Cooperative and Investor Owned thrifts: A comparison of activities, business lines, performances, and risk
Abstract
This research is held in a context of post-financial crisis, which started as a US banking crisis and got extended to an international economic downturn. It showed the impact of the depository institutions on the well-being of... [ view full abstract ]
This research is held in a context of post-financial crisis, which started as a US banking crisis and got extended to an international economic downturn. It showed the impact of the depository institutions on the well-being of the economy. Therefore, it is important to assess the strategies adopted by these institutions and the role of their ownership structure on their relational approaches with their customers and, therefore, the financial performances.
In this paper, we focus primarily on the differences between cooperatives and investor-owned thrifts in the US. Cooperative financial institutions are customer owned and rely on the one member one vote rule. This rule might imply some decisional and agency costs that can lead to inefficiencies in the cooperative model. On the other hand, investor-owned financial institutions, even though they are considered more efficient, showed their limits serving their clients and owners simultaneously.
We compare the activities undertaken by cooperative savings and loans also to investor-owned institutions in the US and how these types of activities affect financial performance and risk.
We examine the relational approach adopted by each type of governance while controlling for the institutions ‘characteristics.

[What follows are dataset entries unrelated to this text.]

definition height_dev :: "real \<Rightarrow> real \<Rightarrow> real" where
  "height_dev T d = d + ramp_end d + speed_dev T d * T"

definition area_dev :: "real \<Rightarrow> real \<Rightarrow> real" where
  "area_dev T d = speed_dev T d * (T + height_dev T d) + height_dev T d"

definition sobolev_gap :: "real \<Rightarrow> real \<Rightarrow> real \<Rightarrow> real \<Rightarrow> real" where
  "sobolev_gap T d p t = \<bar>curveX T d t\<bar> powr p + \<bar>curveY T d t - t\<bar> powr p + \<bar>velX T d t\<bar> powr p
      + \<bar>velY T d t - 1\<bar> powr p"

locale small_delta =
  fixes T d :: real
  assumes T_pos: "0 < T" and d_pos: "0 < d" and d_small: "d < delta_max T"
begin

abbreviation mean_curv :: "real \<Rightarrow> real" where
  "mean_curv \<equiv> meanH (curveY T d) (velX T d) (velY T d) (accX T d) (accY T d)"

abbreviation curv_norm2 :: "real \<Rightarrow> real" where
  "curv_norm2 \<equiv> normB2 (curveY T d) (velX T d) (velY T d) (accX T d) (accY T d)"
(* Let $(M,P,g)\in\mathcal W_1$, $\dim M=2n\ge4$, and let $D$ be the connection in the context. If $D$ is flat (its curvature tensor vanishes), then the Weyl tensor $W=R-\frac{1}{2(n-1)}\{\psi_1(\rho)-\frac{\tau}{2n-1}\pi_1\}$ of $\nabla$ vanishes, i.e. $(M,g)$ is conformally flat.
   Context: A Riemannian almost product manifold $(M,P,g)$: smooth manifold with $(1,1)$-tensor $P$ and Riemannian metric $g$, $P^2=\mathrm{id}$, $g(Px,Py)=g(x,y)$; here $\operatorname{tr}P=0$. $\nabla$ is the Levi-Civita connection, $F(x,y,z)=g((\nabla_xP)y,z)$, Lee form $\theta(x)=g^{ij}F(e_i,e_j,x)$, $\Omega$ with $g(\Omega,x)=\theta(x)$. Class $\mathcal W_1$: $F(x,y,z)=\frac{1}{2n}\{g(x,y)\theta(z)+g(x,z)\theta(y)-g(x,Py)\theta(Pz)-g(x,Pz)\theta(Py)\}$. $D_xy=\nabla_xy+\frac{1}{2n}\{g(x,y)P\Omega-\theta(Py)x\}$. $R(x,y,z,w)=g(\nabla_x\nabla_yz-\nabla_y\nabla_xz-\nabla_{[x,y]}z,w)$, $\rho(y,z)=g^{ij}R(e_i,y,z,e_j)$, $\tau=g^{ij}\rho(e_i,e_j)$; $\psi_1(S)(x,y,z,w)=g(y,z)S(x,w)-g(x,z)S(y,w)+S(y,z)g(x,w)-S(x,z)g(y,w)$; $\pi_1(x,y,z,w)=g(y,z)g(x,w)-g(x,z)g(y,w)$. *)

theory Defs
  imports "HOL-Analysis.Analysis"
begin

text \<open>Local-coordinate formalization. Coordinates on an open set U of real^'i.
  Tensor fields are given by their components:
  g x i j = g(e_i,e_j) at x;  P x k j = k-th component of P(e_j) at x;
  a connection with coefficients C: D_{e_i} e_j = sum_k C x k i j e_k.\<close>

definition pd :: "'i::finite \<Rightarrow> (real^'i \<Rightarrow> real) \<Rightarrow> real^'i \<Rightarrow> real" where
  "pd k f x = frechet_derivative f (at x) (axis k 1)"

fun iter_pd :: "'i::finite list \<Rightarrow> (real^'i \<Rightarrow> real) \<Rightarrow> real^'i \<Rightarrow> real" where
  "iter_pd [] f = f"
| "iter_pd (k # ks) f = pd k (iter_pd ks f)"

definition smooth_fun_on :: "(real^'i::finite) set \<Rightarrow> (real^'i \<Rightarrow> real) \<Rightarrow> bool" where
  "smooth_fun_on U f \<longleftrightarrow> (\<forall>ks. iter_pd ks f differentiable_on U)"

definition ginv :: "(real^'i \<Rightarrow> 'i::finite \<Rightarrow> 'i \<Rightarrow> real) \<Rightarrow> real^'i \<Rightarrow> 'i \<Rightarrow> 'i \<Rightarrow> real" where
  "ginv g x i j = matrix_inv (\<chi> a b. g x a b) $ i $ j"

text \<open>Christoffel symbols of the Levi-Civita connection: christoffel g x k i j = Gamma^k_{ij}.\<close>
definition christoffel :: "(real^'i \<Rightarrow> 'i::finite \<Rightarrow> 'i \<Rightarrow> real) \<Rightarrow> real^'i \<Rightarrow> 'i \<Rightarrow> 'i \<Rightarrow> 'i \<Rightarrow> real" where
  "christoffel g x k i j = (1/2) * (\<Sum>l\<in>UNIV. ginv g x k l *
      (pd i (\<lambda>y. g y j l) x + pd j (\<lambda>y. g y i l) x - pd l (\<lambda>y. g y i j) x))"

text \<open>(nabla_{e_i} P)^k_j\<close>
definition covP :: "(real^'i \<Rightarrow> 'i::finite \<Rightarrow> 'i \<Rightarrow> real) \<Rightarrow> (real^'i \<Rightarrow> 'i \<Rightarrow> 'i \<Rightarrow> real)
    \<Rightarrow> real^'i \<Rightarrow> 'i \<Rightarrow> 'i \<Rightarrow> 'i \<Rightarrow> real" where
  "covP g P x i k j = pd i (\<lambda>y. P y k j) x
      + (\<Sum>l\<in>UNIV. christoffel g x k i l * P x l j)
      - (\<Sum>l\<in>UNIV. christoffel g x l i j * P x k l)"

text \<open>F(e_i,e_j,e_l) = g((nabla_{e_i} P) e_j, e_l)\<close>
definition Ften :: "(real^'i \<Rightarrow> 'i::finite \<Rightarrow> 'i \<Rightarrow> real) \<Rightarrow> (real^'i \<Rightarrow> 'i \<Rightarrow> 'i \<Rightarrow> real)
    \<Rightarrow> real^'i \<Rightarrow> 'i \<Rightarrow> 'i \<Rightarrow> 'i \<Rightarrow> real" where
  "Ften g P x i j l = (\<Sum>k\<in>UNIV. g x k l * covP g P x i k j)"

definition lee :: "(real^'i \<Rightarrow> 'i::finite \<Rightarrow> 'i \<Rightarrow> real) \<Rightarrow> (real^'i \<Rightarrow> 'i \<Rightarrow> 'i \<Rightarrow> real)
    \<Rightarrow> real^'i \<Rightarrow> 'i \<Rightarrow> real" where
  "lee g P x l = (\<Sum>i\<in>UNIV. \<Sum>j\<in>UNIV. ginv g x i j * Ften g P x i j l)"

definition leeP :: "(real^'i \<Rightarrow> 'i::finite \<Rightarrow> 'i \<Rightarrow> real) \<Rightarrow> (real^'i \<Rightarrow> 'i \<Rightarrow> 'i \<Rightarrow> real)
    \<Rightarrow> real^'i \<Rightarrow> 'i \<Rightarrow> real" where
  "leeP g P x l = (\<Sum>a\<in>UNIV. lee g P x a * P x a l)"

definition gP :: "(real^'i \<Rightarrow> 'i::finite \<Rightarrow> 'i \<Rightarrow> real) \<Rightarrow> (real^'i \<Rightarrow> 'i \<Rightarrow> 'i \<Rightarrow> real)
    \<Rightarrow> real^'i \<Rightarrow> 'i \<Rightarrow> 'i \<Rightarrow> real" where
  "gP g P x i j = (\<Sum>a\<in>UNIV. g x i a * P x a j)"

definition Omega :: "(real^'i \<Rightarrow> 'i::finite \<Rightarrow> 'i \<Rightarrow> real) \<Rightarrow> (real^'i \<Rightarrow> 'i \<Rightarrow> 'i \<Rightarrow> real)
    \<Rightarrow> real^'i \<Rightarrow> 'i \<Rightarrow> real" where
  "Omega g P x k = (\<Sum>l\<in>UNIV. ginv g x k l * lee g P x l)"

definition POmega :: "(real^'i \<Rightarrow> 'i::finite \<Rightarrow> 'i \<Rightarrow> real) \<Rightarrow> (real^'i \<Rightarrow> 'i \<Rightarrow> 'i \<Rightarrow> real)
    \<Rightarrow> real^'i \<Rightarrow> 'i \<Rightarrow> real" where
  "POmega g P x k = (\<Sum>a\<in>UNIV. P x k a * Omega g P x a)"
(* Let $\theta,w\in\mathbb{R}^p$ and $\eta=\theta+w$, and for $c\in\mathbb{R}$ let $\eta(c)=\bar\eta+c(\eta-\bar\eta)$. Assume $\mathrm{var}(\eta)>0$, $\bar\theta\neq0$ and $\bar\eta\neq0$. Then the minimizer over $c\in\mathbb{R}$ of $\mathrm{MSE}(\eta(c),\theta)$ is $$c^{\mathrm{MSE}}=\frac{\mathrm{cov}(\theta,\eta)}{\mathrm{var}(\eta)},$$ and the minimizer over $c\in\mathbb{R}$ of $\mathrm{SPH}(\eta(c),\theta)$ is $$c^{\mathrm{SPH}}=\frac{\bar\eta}{\bar\theta}\,c^{\mathrm{MSE}}.$$
   Context: For $u,v\in\mathbb{R}^p$: $\bar u=\frac1p\sum_i u_i$, $\mathrm{var}(u)=\frac1p\sum_i(u_i-\bar u)^2$, $\mathrm{cov}(u,v)=\frac1p\sum_i(u_i-\bar u)(v_i-\bar v)$; for $x\in\mathbb{R}$, $u-x$ and $x+u$ are componentwise. $\mathrm{MSE}(u,\theta)=\langle u-\theta,u-\theta\rangle/p$, and for nonzero $u,\theta$, $\mathrm{SPH}(u,\theta)=1-\left(\frac{\langle u,\theta\rangle}{|u||\theta|}\right)^2$. *)

theory Defs
  imports "HOL-Analysis.Analysis"
begin

definition vmean :: "real^'n \<Rightarrow> real" where
  "vmean u = (\<Sum>i\<in>UNIV. u $ i) / real CARD('n)"

definition vvar :: "real^'n \<Rightarrow> real" where
  "vvar u = (\<Sum>i\<in>UNIV. (u $ i - vmean u)\<^sup>2) / real CARD('n)"

definition vcov :: "real^'n \<Rightarrow> real^'n \<Rightarrow> real" where
  "vcov u v = (\<Sum>i\<in>UNIV. (u $ i - vmean u) * (v $ i - vmean v)) / real CARD('n)"

definition MSE :: "real^'n \<Rightarrow> real^'n \<Rightarrow> real" where
  "MSE u \<theta> = inner (u - \<theta>) (u - \<theta>) / real CARD('n)"

definition SPH :: "real^'n \<Rightarrow> real^'n \<Rightarrow> real" where
  "SPH u \<theta> = 1 - (inner u \<theta> / (norm u * norm \<theta>))\<^sup>2"

definition shrink :: "real^'n \<Rightarrow> real \<Rightarrow> real^'n" where
  "shrink \<eta> c = (\<chi> i. vmean \<eta> + c * (\<eta> $ i - vmean \<eta>))"

end

theory Submission
  imports Defs
begin

text \<open>
  Write \<open>m = mean \<eta>\<close>, \<open>t = mean \<theta>\<close>, \<open>V = var \<eta>\<close>, \<open>C = cov \<theta> \<eta>\<close>. Shrinking keeps the mean
  and scales the centred part, so, with \<open>p = CARD('n)\<close>, \<open>\<langle>\<eta>(c), \<theta>\<rangle> = p (m t + c C)\<close> and
  \<open>|\<eta>(c)|\<^sup>2 = p (m\<^sup>2 + c\<^sup>2 V)\<close>. Hence the MSE is a quadratic in \<open>c\<close> with leading
  coefficient \<open>V\<close>, and \<open>1 - SPH\<close> is \<open>(m t + c C)\<^sup>2 / (m\<^sup>2 + c\<^sup>2 V)\<close> up to a positive
  factor. By Lagrange's identity
  \<open>(m\<^sup>2 + c\<^sup>2 V) (t\<^sup>2 V + C\<^sup>2) - V (m t + c C)\<^sup>2 = (m C - c V t)\<^sup>2\<close>
  (Cauchy-Schwarz for \<open>(m, c \<surd>V)\<close> and \<open>(t, C / \<surd>V)\<close>) this ratio is maximal exactly at
  \<open>c = (m / t) (C / V)\<close>. In both cases the excess over the optimum is a positive weight
  times \<open>(c - c\<^sub>o\<^sub>p\<^sub>t)\<^sup>2\<close>, which gives existence and uniqueness of the minimiser at once.
\<close>

lemma sum_eq_card_vmean: "(\<Sum>i\<in>UNIV. u $ i) = real CARD('n) * vmean (u :: real^'n)"
  by (simp add: vmean_def)

lemma sum_minus_vmean_eq_0: "(\<Sum>i\<in>UNIV. u $ i - vmean (u :: real^'n)) = 0"
  by (simp add: sum_subtractf sum_eq_card_vmean)

lemma vvar_eq_vcov_self: "vvar u = vcov u u"
  by (simp add: vvar_def vcov_def power2_eq_square)

lemma vcov_commute: "vcov u v = vcov v u"
  by (simp add: vcov_def mult.commute)

lemma inner_eq_vmean_vcov:
  fixes u v :: "real^'n"
  shows "inner u v = real CARD('n) * (vmean u * vmean v + vcov u v)"
proof -
  have centred: "(\<Sum>i\<in>UNIV. vmean v * (u $ i - vmean u)) = 0"
    by (simp only: sum_distrib_left[symmetric] sum_minus_vmean_eq_0 mult_zero_right)
  have "real CARD('n) * vcov u v = (\<Sum>i\<in>UNIV. (u $ i - vmean u) * v $ i - vmean v * (u $ i - vmean u))"
    by (simp add: vcov_def algebra_simps)
  also have "\<dots> = (\<Sum>i\<in>UNIV. u $ i * v $ i) - vmean u * (\<Sum>i\<in>UNIV. v $ i)"
    by (simp only: sum_subtractf centred diff_zero left_diff_distrib sum_distrib_left)
  also have "\<dots> = inner u v - real CARD('n) * vmean u * vmean v"
    by (simp only: inner_vec_def inner_real_def sum_eq_card_vmean ac_simps)
  finally show ?thesis
    by (simp add: algebra_simps)
qed

lemma vmean_shrink: "vmean (shrink \<eta> c) = vmean \<eta>"
proof -
  have "(\<Sum>i\<in>UNIV. shrink \<eta> c $ i) = real CARD('a) * vmean \<eta> + c * (\<Sum>i\<in>UNIV. \<eta> $ i - vmean \<eta>)"
    by (simp add: shrink_def sum.distrib sum_distrib_left)
  then show ?thesis
    by (simp add: sum_minus_vmean_eq_0 vmean_def[of "shrink \<eta> c"])
qed

lemma vcov_shrink_left: "vcov (shrink \<eta> c) v = c * vcov \<eta> v"
  unfolding vcov_def vmean_shrink by (simp add: shrink_def sum_distrib_left mult.assoc)

lemma inner_shrink:
  fixes \<eta> \<theta> :: "real^'n"
  shows "inner (shrink \<eta> c) \<theta> = real CARD('n) * (vmean \<eta> * vmean \<theta> + c * vcov \<theta> \<eta>)"
  by (simp add: inner_eq_vmean_vcov vmean_shrink vcov_shrink_left vcov_commute[of \<eta> \<theta>])

lemma inner_shrink_self:
  fixes \<eta> :: "real^'n"
  shows "inner (shrink \<eta> c) (shrink \<eta> c) = real CARD('n) * ((vmean \<eta>)\<^sup>2 + c\<^sup>2 * vvar \<eta>)"
  by (simp add: inner_shrink vmean_shrink vcov_shrink_left vvar_eq_vcov_self power2_eq_square)

lemma MSE_shrink:
  fixes \<eta> \<theta> :: "real^'n"
  shows "MSE (shrink \<eta> c) \<theta> = (vmean \<eta>)\<^sup>2 + c\<^sup>2 * vvar \<eta> - 2 * (vmean \<eta> * vmean \<theta> + c * vcov \<theta> \<eta>)
    + inner \<theta> \<theta> / real CARD('n)"
proof -
  have "inner (shrink \<eta> c - \<theta>) (shrink \<eta> c - \<theta>)
      = inner (shrink \<eta> c) (shrink \<eta> c) - 2 * inner (shrink \<eta> c) \<theta> + inner \<theta> \<theta>"
    by (simp add: inner_diff_left inner_diff_right inner_commute)
  also have "\<dots> = real CARD('n) * ((vmean \<eta>)\<^sup>2 + c\<^sup>2 * vvar \<eta>)
      - 2 * (real CARD('n) * (vmean \<eta> * vmean \<theta> + c * vcov \<theta> \<eta>)) + inner \<theta> \<theta>"
    unfolding inner_shrink_self unfolding inner_shrink by (rule refl)
  finally show ?thesis
    by (simp add: MSE_def field_simps)
qed

lemma SPH_shrink:
  fixes \<eta> \<theta> :: "real^'n"
  shows "SPH (shrink \<eta> c) \<theta> = 1 - (vmean \<eta> * vmean \<theta> + c * vcov \<theta> \<eta>)\<^sup>2
    / (((vmean \<eta>)\<^sup>2 + c\<^sup>2 * vvar \<eta>) * (inner \<theta> \<theta> / real CARD('n)))"
proof -
  have "(inner (shrink \<eta> c) \<theta> / (norm (shrink \<eta> c) * norm \<theta>))\<^sup>2
      = (inner (shrink \<eta> c) \<theta>)\<^sup>2 / (inner (shrink \<eta> c) (shrink \<eta> c) * inner \<theta> \<theta>)"
    by (simp add: power_divide power_mult_distrib power2_norm_eq_inner)
  also have "\<dots> = (real CARD('n) * (vmean \<eta> * vmean \<theta> + c * vcov \<theta> \<eta>))\<^sup>2
      / (real CARD('n) * ((vmean \<eta>)\<^sup>2 + c\<^sup>2 * vvar \<eta>) * inner \<theta> \<theta>)"
    unfolding inner_shrink_self unfolding inner_shrink by (rule refl)
  finally show ?thesis
    by (simp add: SPH_def power_mult_distrib power2_eq_square)
qed

lemma MSE_shrink_excess:
  fixes \<eta> \<theta> :: "real^'n"
  assumes "vvar \<eta> > 0"
  shows "MSE (shrink \<eta> c) \<theta>
    = MSE (shrink \<eta> (vcov \<theta> \<eta> / vvar \<eta>)) \<theta> + vvar \<eta> * (c - vcov \<theta> \<eta> / vvar \<eta>)\<^sup>2"
  using assms by (simp add: MSE_shrink power2_eq_square field_simps)

lemma square_ratio_eq_max_minus_excess:
  fixes m t C V c :: real
  assumes "V > 0" and "m \<noteq> 0" and "t \<noteq> 0"
  shows "(m * t + c * C)\<^sup>2 / (m\<^sup>2 + c\<^sup>2 * V)
    = t\<^sup>2 + C\<^sup>2 / V - V * t\<^sup>2 / (m\<^sup>2 + c\<^sup>2 * V) * (c - m / t * (C / V))\<^sup>2"
proof -
  define D where "D = m\<^sup>2 + c\<^sup>2 * V"
  define E where "E = (m * C - c * V * t)\<^sup>2"
  have "D > 0"
    using assms by (simp add: D_def add_pos_nonneg)
  have lagrange: "V * (m * t + c * C)\<^sup>2 = D * (t\<^sup>2 * V + C\<^sup>2) - E"
    by (simp add: D_def E_def power2_eq_square algebra_simps)
  have E_eq: "E = V\<^sup>2 * t\<^sup>2 * (c - m / t * (C / V))\<^sup>2"
    using assms by (simp add: E_def power2_eq_square field_simps)
  have "(m * t + c * C)\<^sup>2 / D = (D * (t\<^sup>2 * V + C\<^sup>2) - E) / (V * D)"
    using assms by (simp flip: lagrange)
  also have "\<dots> = (t\<^sup>2 * V + C\<^sup>2) / V - E / (V * D)"
    using \<open>D > 0\<close> by (simp add: diff_divide_distrib)
  also have "\<dots> = t\<^sup>2 + C\<^sup>2 / V - V * t\<^sup>2 / D * (c - m / t * (C / V))\<^sup>2"
    using assms \<open>D > 0\<close> by (simp add: E_eq add_divide_distrib power2_eq_square)
  finally show ?thesis
    by (simp add: D_def)
qed

lemma inner_self_pos_of_vmean_nonzero:
  fixes \<theta> :: "real^'n"
  assumes "vmean \<theta> \<noteq> 0"
  shows "inner \<theta> \<theta> > 0"
  using assms by (auto simp: vmean_def)

lemma SPH_shrink_excess:
  fixes \<eta> \<theta> :: "real^'n"
  assumes "vvar \<eta> > 0" and "vmean \<theta> \<noteq> 0" and "vmean \<eta> \<noteq> 0"
  shows "SPH (shrink \<eta> c) \<theta>
    = SPH (shrink \<eta> (vmean \<eta> / vmean \<theta> * (vcov \<theta> \<eta> / vvar \<eta>))) \<theta>
      + vvar \<eta> * (vmean \<theta>)\<^sup>2 / (((vmean \<eta>)\<^sup>2 + c\<^sup>2 * vvar \<eta>) * (inner \<theta> \<theta> / real CARD('n)))
        * (c - vmean \<eta> / vmean \<theta> * (vcov \<theta> \<eta> / vvar \<eta>))\<^sup>2"
proof -
  have SPH_ratio: "SPH (shrink \<eta> x) \<theta> = 1 - (vmean \<eta> * vmean \<theta> + x * vcov \<theta> \<eta>)\<^sup>2
      / ((vmean \<eta>)\<^sup>2 + x\<^sup>2 * vvar \<eta>) / (inner \<theta> \<theta> / real CARD('n))" for x
    by (simp add: SPH_shrink divide_divide_eq_left)
  \<comment> \<open>the excess term vanishes at the optimum, where it reads \<open>W' * (y - y)\<^sup>2\<close>\<close>
  have shift: "1 - (M - W / D * x) / T = (1 - (M - W' * (y - y)\<^sup>2) / T) + W / (D * T) * x"
    for M W W' D T x y :: real
    by (simp add: diff_divide_distrib)
  show ?thesis
    unfolding SPH_ratio square_ratio_eq_max_minus_excess[OF assms(1,3,2)] by (rule shift)
qed

lemma unique_argmin_of_weighted_square_excess:
  fixes f w :: "real \<Rightarrow> real"
  assumes excess: "\<And>c. f c = f c\<^sub>0 + w c * (c - c\<^sub>0)\<^sup>2" and pos: "\<And>c. w c > 0"
  shows "(\<forall>c. f c\<^sub>0 \<le> f c) \<and> (\<forall>c. (\<forall>c'. f c \<le> f c') \<longrightarrow> c = c\<^sub>0)"
proof (intro conjI allI impI)
  fix c
  show "f c\<^sub>0 \<le> f c"
    using excess[of c] pos[of c] by simp
  assume "\<forall>c'. f c \<le> f c'"
  then have "f c \<le> f c\<^sub>0" ..
  then have "w c * (c - c\<^sub>0)\<^sup>2 \<le> 0"
    using excess[of c] by linarith
  then show "c = c\<^sub>0"
    using pos[of c] by (simp add: mult_le_0_iff)
qed

theorem lemma1:
  fixes \<theta> w :: "real^'n"
  defines "\<eta> \<equiv> \<theta> + w"
  assumes "vvar \<eta> > 0" and "vmean \<theta> \<noteq> 0" and "vmean \<eta> \<noteq> 0"
  shows "(\<forall>c. MSE (shrink \<eta> (vcov \<theta> \<eta> / vvar \<eta>)) \<theta> \<le> MSE (shrink \<eta> c) \<theta>)
       \<and> (\<forall>c. (\<forall>c'. MSE (shrink \<eta> c) \<theta> \<le> MSE (shrink \<eta> c') \<theta>) \<longrightarrow> c = vcov \<theta> \<eta> / vvar \<eta>)
       \<and> (\<forall>c. SPH (shrink \<eta> (vmean \<eta> / vmean \<theta> * (vcov \<theta> \<eta> / vvar \<eta>))) \<theta> \<le> SPH (shrink \<eta> c) \<theta>)
       \<and> (\<forall>c. (\<forall>c'. SPH (shrink \<eta> c) \<theta> \<le> SPH (shrink \<eta> c') \<theta>)
              \<longrightarrow> c = vmean \<eta> / vmean \<theta> * (vcov \<theta> \<eta> / vvar \<eta>))"
proof -
  have SPH_weight_pos: "vvar \<eta> * (vmean \<theta>)\<^sup>2
      / (((vmean \<eta>)\<^sup>2 + c\<^sup>2 * vvar \<eta>) * (inner \<theta> \<theta> / real CARD('n))) > 0" for c
    using assms(2-4) inner_self_pos_of_vmean_nonzero[OF assms(3)]
    by (intro divide_pos_pos mult_pos_pos add_pos_nonneg) auto
  have "(\<forall>c. MSE (shrink \<eta> (vcov \<theta> \<eta> / vvar \<eta>)) \<theta> \<le> MSE (shrink \<eta> c) \<theta>)
      \<and> (\<forall>c. (\<forall>c'. MSE (shrink \<eta> c) \<theta> \<le> MSE (shrink \<eta> c') \<theta>) \<longrightarrow> c = vcov \<theta> \<eta> / vvar \<eta>)"
    by (rule unique_argmin_of_weighted_square_excess[OF MSE_shrink_excess[OF assms(2)] assms(2)])
  moreover have "(\<forall>c. SPH (shrink \<eta> (vmean \<eta> / vmean \<theta> * (vcov \<theta> \<eta> / vvar \<eta>))) \<theta> \<le> SPH (shrink \<eta> c) \<theta>)
      \<and> (\<forall>c. (\<forall>c'. SPH (shrink \<eta> c) \<theta> \<le> SPH (shrink \<eta> c') \<theta>)
              \<longrightarrow> c = vmean \<eta> / vmean \<theta> * (vcov \<theta> \<eta> / vvar \<eta>))"
    by (rule unique_argmin_of_weighted_square_excess[OF SPH_shrink_excess[OF assms(2-4)] SPH_weight_pos])
  ultimately show ?thesis
    by blast
qed

end
(* Let $(E,\mathcal{P})$ be a random locally convex module over $K$ with base $(\Omega,\mathcal{F},P)$, where $(\Omega,\mathcal{F},P)$ is nonatomic. If $f:E\to L^0(\mathcal F,K)$ is a module homomorphism that is continuous from $(E,\mathcal{T}_{\varepsilon,\lambda})$ to $(L^{0}(\mathcal{F},K),\mathcal{T}_{c})$ (i.e. $f\in E^\ast_{min}$), then $f(x)=0$ for all $x\in E$.
   Context: $(\Omega,\mathcal{F},P)$ is a probability space, $K=\mathbb{R}$ or $\mathbb{C}$, and $L^{0}(\mathcal{F},K)$ is the algebra of equivalence classes (modulo a.s. equality) of $K$-valued measurable random variables. $L^0(\mathcal F,\mathbb R)$ is ordered by $\xi\le\eta$ iff $\xi^0\le\eta^0$ a.s.; $L^{0}_{+}=\{\xi\ge 0\}$, $L^{0}_{++}=\{\xi: \xi>0 \text{ a.s. on }\Omega\}$. An $L^0$-seminorm on a left $L^0(\mathcal F,K)$-module $E$ is a map $\|\cdot\|:E\to L^0_+$ with $\|x+y\|\le\|x\|+\|y\|$ and $\|\xi x\|=|\xi|\,\|x\|$ for all $\xi\in L^0(\mathcal F,K)$. A random locally convex module $(E,\mathcal P)$ is a left $L^0(\mathcal F,K)$-module $E$ with a family $\mathcal P$ of $L^0$-seminorms such that $\bigvee\{\|x\|:\|\cdot\|\in\mathcal P\}=0$ implies $x=0$. For finite $\mathcal Q\subset\mathcal P$, $\|x\|_{\mathcal Q}=\bigvee_{\|\cdot\|\in\mathcal Q}\|x\|$. The $(\varepsilon,\lambda)$-topology $\mathcal T_{\varepsilon,\lambda}$ on $E$ has local base at $0$ the sets $\{x: P\{\omega:\|x\|_{\mathcal Q}(\omega)<\varepsilon\}>1-\lambda\}$, $\mathcal Q$ finite, $\varepsilon>0$, $0<\lambda<1$. The locally $L^0$-convex topology $\mathcal T_c$: $G$ is open iff for every $x\in G$ there are finite $\mathcal Q\subset\mathcal P$ and $\varepsilon\in L^0_{++}$ with $x+\{y:\|y\|_{\mathcal Q}\le\varepsilon\}\subset G$. $L^0(\mathcal F,K)$ is regarded as a random locally convex module with $\mathcal P=\{|\cdot|\}$. A probability space is nonatomic if it has no atom, where an atom is $A\in\mathcal F$ with $P(A)>0$ such that every measurable $B\subset A$ has $P(B)=0$ or $P(A\setminus B)=0$. *)

theory Defs
  imports "HOL-Probability.Probability"
begin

We compare the choice of market segments and the relational approach on one hand, and their impact on performance and stability of returns using a sample of a strongly balanced panel data of 11280 observations between 1999 and 2014 retrieved the data from SNL Financial Database of 505 cooperatives to 218 investor-owned thrifts.
Research question: Does the ownership structure impact market strategies adopted by thrifts, and how do these two factors impact financial performance?
Results: We find that cooperatives invest more in relationship lending than investor-owned institutions, even though that they rely on both traditional and untraditional activity and invest less in marketing activities. We also find that cooperatives outperform financially and socially investor-owned savings and loan institutions, as well as having a lower risk of default and financial risk. We find that serving business and consumer credit needs leads to better performances. We also find that diversifying in traditional and non-traditional activity leads to lower risks of default without having a significant impact on overall performance.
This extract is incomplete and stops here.